EXERCISE: The records that follow must be transcribed exactly, each one in full.

Collected data entries:
(* Assume $\{\beta\in\mathbb{R}^p: A\beta\le b,\ \Gamma\beta=d\}\neq\emptyset$. Run the generalized SMO algorithm with $\tau=0$ from some $\theta^0\in\mathcal F$ and suppose it never stops ($\Delta^k>0$ for all $k$). Let $K\subseteq\mathbb{N}$ be an infinite set of iterations at which the update is not clipped. Then $\Delta^k\to0$ as $k\to\infty$ with $k\in K$; in particular each of $\Delta_1,\Delta_2,\Delta_3,\Delta_4$ computed at $\theta^k$ tends to $0$ along $K$.
   Context: Setup. Let $n,p,k_1,k_2\ge1$, $X\in\mathbb{R}^{n\times p}$ with rows $X_{i:}$, $y\in\mathbb{R}^n$, $C>0$, $\nu\in(0,1]$, $A\in\mathbb{R}^{k_1\times p}$, $b\in\mathbb{R}^{k_1}$, $\Gamma\in\mathbb{R}^{k_2\times p}$, $d\in\mathbb{R}^{k_2}$; $\mathbf e$ is the all-ones vector and $Q=XX^T\in\mathbb{R}^{n\times n}$. Dual variables are $\theta=(\alpha,\alpha^*,\gamma,\mu)\in\mathbb{R}^n\times\mathbb{R}^n\times\mathbb{R}^{k_1}\times\mathbb{R}^{k_2}$. Let $M$ be the $(2n+k_1+k_2)\times p$ matrix with row blocks $X,-X,A,-\Gamma$, $\bar Q=MM^T$, $l=(y,-y,b,-d)$, and $f(\theta)=\frac12\theta^T\bar Q\theta+l^T\theta$. The feasible set $\mathcal F$ consists of $\theta$ with $0\le\alpha_i,\alpha_i^*\le C/n$ for all $i$, $\mathbf e^T(\alpha+\alpha^* )\le C\nu$, $\mathbf e^T(\alpha-\alpha^* )=0$, $\gamma_j\ge0$ for all $j$. Generalized SMO algorithm. Assume the rows of $X$ are pairwise distinct and no row of $A$ or $\Gamma$ is zero. Let $I_{up}(\alpha)=\{i:\alpha_i<C/n\}$, $I_{low}(\alpha)=\{i:\alpha_i>0\}$, and $I^*_{up},I^*_{low}$ the same sets for $\alpha^*$. Fix $\tau\ge0$ and $\theta^0\in\mathcal F$. At iteration $k$, with all gradients evaluated at $\theta^k$: pick $i\in\arg\min_{I_{up}(\alpha^k)}\nabla_{\alpha_i}f$, $j\in\arg\max_{I_{low}(\alpha^k)}\nabla_{\alpha_j}f$ and set $\Delta_1=\max(\nabla_{\alpha_j}f-\nabla_{\alpha_i}f,0)$ ($\Delta_1=0$ if either set is empty); define $i^*,j^*,\Delta_2$ identically for $\alpha^*$; $\Delta_3=\max(-\min_{s}\nabla_{\gamma_s}f,0)$; $\Delta_4=\max_s|\nabla_{\mu_s}f|$; $\Delta^k=\max(\Delta_1,\Delta_2,\Delta_3,\Delta_4)$. If $\Delta^k\le\tau$ stop; otherwise update the first block (in the order $\alpha,\alpha^*,\gamma,\mu$) whose $\Delta_m$ equals $\Delta^k$, leaving all other coordinates unchanged: Block $\alpha$: $t_q=-\frac{\nabla_{\alpha_i}f-\nabla_{\alpha_j}f}{Q_{ii}+Q_{jj}-2Q_{ij}}$, $I_1=\max(-\alpha_i^k,\alpha_j^k-C/n)$, $I_2=\min(\alpha_j^k,C/n-\alpha_i^k)$, $t^*=\min(\max(I_1,t_q),I_2)$, $\alpha_i^{k+1}=\alpha_i^k+t^*$, $\alpha_j^{k+1}=\alpha_j^k-t^*$. Block $\alpha^*$: the same formulas with $\alpha^*$, $(i^*,j^* )$, $\nabla_{\alpha^*}f$ and the same matrix $Q$. Block $\gamma$: $u\in\arg\min_s\nabla_{\gamma_s}f$, $\gamma_u^{k+1}=\max\big(\gamma_u^k-\nabla_{\gamma_u}f/(AA^T)_{uu},0\big)$. Block $\mu$: $u\in\arg\max_s|\nabla_{\mu_s}f|$, $\mu_u^{k+1}=\mu_u^k-\nabla_{\mu_u}f/(\Gamma\Gamma^T)_{uu}$. Clipping. An update in block $\alpha$ or $\alpha^*$ is called clipped if $t^*\neq t_q$; an update in block $\gamma$ is clipped if $\gamma_u^k-\nabla_{\gamma_u}f(\theta^k)/(AA^T)_{uu}<0$; updates in block $\mu$ are never clipped. *)

theory Defs
  imports Complex_Main
begin

text \<open>Problem data. Vectors are functions nat => real, only indices below the
stated dimension matter; matrices are nat => nat => real (row, column).\<close>

record svr_data =
  nn  :: nat
  pp  :: nat
  kk1 :: nat
  kk2 :: nat
  Xm  :: "nat \<Rightarrow> nat \<Rightarrow> real"
  yv  :: "nat \<Rightarrow> real"
  Cc  :: real
  nuu :: real
  Am  :: "nat \<Rightarrow> nat \<Rightarrow> real"
  bv  :: "nat \<Rightarrow> real"
  Gm  :: "nat \<Rightarrow> nat \<Rightarrow> real"
  dv  :: "nat \<Rightarrow> real"

text \<open>The dual vector theta is a single vector of length N = 2n+k1+k2 with
blocks alpha = [0,n), alpha* = [n,2n), gamma = [2n,2n+k1), mu = [2n+k1,N).\<close>

definition dimN :: "svr_data \<Rightarrow> nat" where
  "dimN P = 2 * nn P + kk1 P + kk2 P"

definition Mrow :: "svr_data \<Rightarrow> nat \<Rightarrow> nat \<Rightarrow> real" where
  "Mrow P r t =
    (if r < nn P then Xm P r t
     else if r < 2 * nn P then - Xm P (r - nn P) t
     else if r < 2 * nn P + kk1 P then Am P (r - 2 * nn P) t
     else - Gm P (r - 2 * nn P - kk1 P) t)"

definition Qbar :: "svr_data \<Rightarrow> nat \<Rightarrow> nat \<Rightarrow> real" where
  "Qbar P r s = (\<Sum>t<pp P. Mrow P r t * Mrow P s t)"
lemma path_seq_cos:
  "cos s * path_seq P (2 - 2 * cos (2 * s)) m
     = (1 + (P - 3) * (1 - cos (2 * s))) * cos ((2 * real m - 1) * s)
       - (P - 1) * sin (2 * s) * sin ((2 * real m - 1) * s)"
proof -
  have "cos s * path_seq P (2 - 2 * cos (2 * s)) m
     = (1 + (P - 3) * (1 - cos (2 * s))) * cos (- s + m * (2 * s))
       + (- (P - 1) * sin (2 * s)) * sin (- s + m * (2 * s))"
  proof (rule cos_sin_recurrence)
    fix m
    show "cos s * path_seq P (2 - 2 * cos (2 * s)) (Suc (Suc m))
      = 2 * cos (2 * s) * (cos s * path_seq P (2 - 2 * cos (2 * s)) (Suc m))
        - cos s * path_seq P (2 - 2 * cos (2 * s)) m"
      by (simp add: algebra_simps)
  next
    show "cos s * path_seq P (2 - 2 * cos (2 * s)) 0
      = (1 + (P - 3) * (1 - cos (2 * s))) * cos (- s) + (- (P - 1) * sin (2 * s)) * sin (- s)"
      unfolding cos_double_sin sin_double by (simp add: algebra_simps power2_eq_square)
  next
    have "- s + 2 * s = s" by simp
    then show "cos s * path_seq P (2 - 2 * cos (2 * s)) 1
      = (1 + (P - 3) * (1 - cos (2 * s))) * cos (- s + 2 * s)
        + (- (P - 1) * sin (2 * s)) * sin (- s + 2 * s)"
      unfolding cos_double_sin sin_double by (simp add: algebra_simps power2_eq_square)
  qed
  also have "- s + m * (2 * s) = (2 * real m - 1) * s"
    by (simp add: algebra_simps)
  finally show ?thesis by (simp add: algebra_simps)
qed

REPLY:
(* Assume $\{\beta\in\mathbb{R}^p: A\beta\le b,\ \Gamma\beta=d\}\neq\emptyset$. Run the generalized SMO algorithm with $\tau=0$ from some $\theta^0\in\mathcal F$ and suppose it never stops ($\Delta^k>0$ for all $k$). Let $K\subseteq\mathbb{N}$ be an infinite set of iterations at which the update is not clipped. Then $\Delta^k\to0$ as $k\to\infty$ with $k\in K$; in particular each of $\Delta_1,\Delta_2,\Delta_3,\Delta_4$ computed at $\theta^k$ tends to $0$ along $K$.
   Context: Setup. Let $n,p,k_1,k_2\ge1$, $X\in\mathbb{R}^{n\times p}$ with rows $X_{i:}$, $y\in\mathbb{R}^n$, $C>0$, $\nu\in(0,1]$, $A\in\mathbb{R}^{k_1\times p}$, $b\in\mathbb{R}^{k_1}$, $\Gamma\in\mathbb{R}^{k_2\times p}$, $d\in\mathbb{R}^{k_2}$; $\mathbf e$ is the all-ones vector and $Q=XX^T\in\mathbb{R}^{n\times n}$. Dual variables are $\theta=(\alpha,\alpha^*,\gamma,\mu)\in\mathbb{R}^n\times\mathbb{R}^n\times\mathbb{R}^{k_1}\times\mathbb{R}^{k_2}$. Let $M$ be the $(2n+k_1+k_2)\times p$ matrix with row blocks $X,-X,A,-\Gamma$, $\bar Q=MM^T$, $l=(y,-y,b,-d)$, and $f(\theta)=\frac12\theta^T\bar Q\theta+l^T\theta$. The feasible set $\mathcal F$ consists of $\theta$ with $0\le\alpha_i,\alpha_i^*\le C/n$ for all $i$, $\mathbf e^T(\alpha+\alpha^* )\le C\nu$, $\mathbf e^T(\alpha-\alpha^* )=0$, $\gamma_j\ge0$ for all $j$. Generalized SMO algorithm. Assume the rows of $X$ are pairwise distinct and no row of $A$ or $\Gamma$ is zero. Let $I_{up}(\alpha)=\{i:\alpha_i<C/n\}$, $I_{low}(\alpha)=\{i:\alpha_i>0\}$, and $I^*_{up},I^*_{low}$ the same sets for $\alpha^*$. Fix $\tau\ge0$ and $\theta^0\in\mathcal F$. At iteration $k$, with all gradients evaluated at $\theta^k$: pick $i\in\arg\min_{I_{up}(\alpha^k)}\nabla_{\alpha_i}f$, $j\in\arg\max_{I_{low}(\alpha^k)}\nabla_{\alpha_j}f$ and set $\Delta_1=\max(\nabla_{\alpha_j}f-\nabla_{\alpha_i}f,0)$ ($\Delta_1=0$ if either set is empty); define $i^*,j^*,\Delta_2$ identically for $\alpha^*$; $\Delta_3=\max(-\min_{s}\nabla_{\gamma_s}f,0)$; $\Delta_4=\max_s|\nabla_{\mu_s}f|$; $\Delta^k=\max(\Delta_1,\Delta_2,\Delta_3,\Delta_4)$. If $\Delta^k\le\tau$ stop; otherwise update the first block (in the order $\alpha,\alpha^*,\gamma,\mu$) whose $\Delta_m$ equals $\Delta^k$, leaving all other coordinates unchanged: Block $\alpha$: $t_q=-\frac{\nabla_{\alpha_i}f-\nabla_{\alpha_j}f}{Q_{ii}+Q_{jj}-2Q_{ij}}$, $I_1=\max(-\alpha_i^k,\alpha_j^k-C/n)$, $I_2=\min(\alpha_j^k,C/n-\alpha_i^k)$, $t^*=\min(\max(I_1,t_q),I_2)$, $\alpha_i^{k+1}=\alpha_i^k+t^*$, $\alpha_j^{k+1}=\alpha_j^k-t^*$. Block $\alpha^*$: the same formulas with $\alpha^*$, $(i^*,j^* )$, $\nabla_{\alpha^*}f$ and the same matrix $Q$. Block $\gamma$: $u\in\arg\min_s\nabla_{\gamma_s}f$, $\gamma_u^{k+1}=\max\big(\gamma_u^k-\nabla_{\gamma_u}f/(AA^T)_{uu},0\big)$. Block $\mu$: $u\in\arg\max_s|\nabla_{\mu_s}f|$, $\mu_u^{k+1}=\mu_u^k-\nabla_{\mu_u}f/(\Gamma\Gamma^T)_{uu}$. Clipping. An update in block $\alpha$ or $\alpha^*$ is called clipped if $t^*\neq t_q$; an update in block $\gamma$ is clipped if $\gamma_u^k-\nabla_{\gamma_u}f(\theta^k)/(AA^T)_{uu}<0$; updates in block $\mu$ are never clipped. *)

theory Defs
  imports Complex_Main
begin

text \<open>Problem data. Vectors are functions nat => real, only indices below the
stated dimension matter; matrices are nat => nat => real (row, column).\<close>

record svr_data =
  nn  :: nat
  pp  :: nat
  kk1 :: nat
  kk2 :: nat
  Xm  :: "nat \<Rightarrow> nat \<Rightarrow> real"
  yv  :: "nat \<Rightarrow> real"
  Cc  :: real
  nuu :: real
  Am  :: "nat \<Rightarrow> nat \<Rightarrow> real"
  bv  :: "nat \<Rightarrow> real"
  Gm  :: "nat \<Rightarrow> nat \<Rightarrow> real"
  dv  :: "nat \<Rightarrow> real"

text \<open>The dual vector theta is a single vector of length N = 2n+k1+k2 with
blocks alpha = [0,n), alpha* = [n,2n), gamma = [2n,2n+k1), mu = [2n+k1,N).\<close>

definition dimN :: "svr_data \<Rightarrow> nat" where
  "dimN P = 2 * nn P + kk1 P + kk2 P"

definition Mrow :: "svr_data \<Rightarrow> nat \<Rightarrow> nat \<Rightarrow> real" where
  "Mrow P r t =
    (if r < nn P then Xm P r t
     else if r < 2 * nn P then - Xm P (r - nn P) t
     else if r < 2 * nn P + kk1 P then Am P (r - 2 * nn P) t
     else - Gm P (r - 2 * nn P - kk1 P) t)"

definition Qbar :: "svr_data \<Rightarrow> nat \<Rightarrow> nat \<Rightarrow> real" where
  "Qbar P r s = (\<Sum>t<pp P. Mrow P r t * Mrow P s t)"
lemma path_seq_cos:
  "cos s * path_seq P (2 - 2 * cos (2 * s)) m
     = (1 + (P - 3) * (1 - cos (2 * s))) * cos ((2 * real m - 1) * s)
       - (P - 1) * sin (2 * s) * sin ((2 * real m - 1) * s)"
proof -
  have "cos s * path_seq P (2 - 2 * cos (2 * s)) m
     = (1 + (P - 3) * (1 - cos (2 * s))) * cos (- s + m * (2 * s))
       + (- (P - 1) * sin (2 * s)) * sin (- s + m * (2 * s))"
  proof (rule cos_sin_recurrence)
    fix m
    show "cos s * path_seq P (2 - 2 * cos (2 * s)) (Suc (Suc m))
      = 2 * cos (2 * s) * (cos s * path_seq P (2 - 2 * cos (2 * s)) (Suc m))
        - cos s * path_seq P (2 - 2 * cos (2 * s)) m"
      by (simp add: algebra_simps)
  next
    show "cos s * path_seq P (2 - 2 * cos (2 * s)) 0
      = (1 + (P - 3) * (1 - cos (2 * s))) * cos (- s) + (- (P - 1) * sin (2 * s)) * sin (- s)"
      unfolding cos_double_sin sin_double by (simp add: algebra_simps power2_eq_square)
  next
    have "- s + 2 * s = s" by simp
    then show "cos s * path_seq P (2 - 2 * cos (2 * s)) 1
      = (1 + (P - 3) * (1 - cos (2 * s))) * cos (- s + 2 * s)
        + (- (P - 1) * sin (2 * s)) * sin (- s + 2 * s)"
      unfolding cos_double_sin sin_double by (simp add: algebra_simps power2_eq_square)
  qed
  also have "- s + m * (2 * s) = (2 * real m - 1) * s"
    by (simp add: algebra_simps)
  finally show ?thesis by (simp add: algebra_simps)
qed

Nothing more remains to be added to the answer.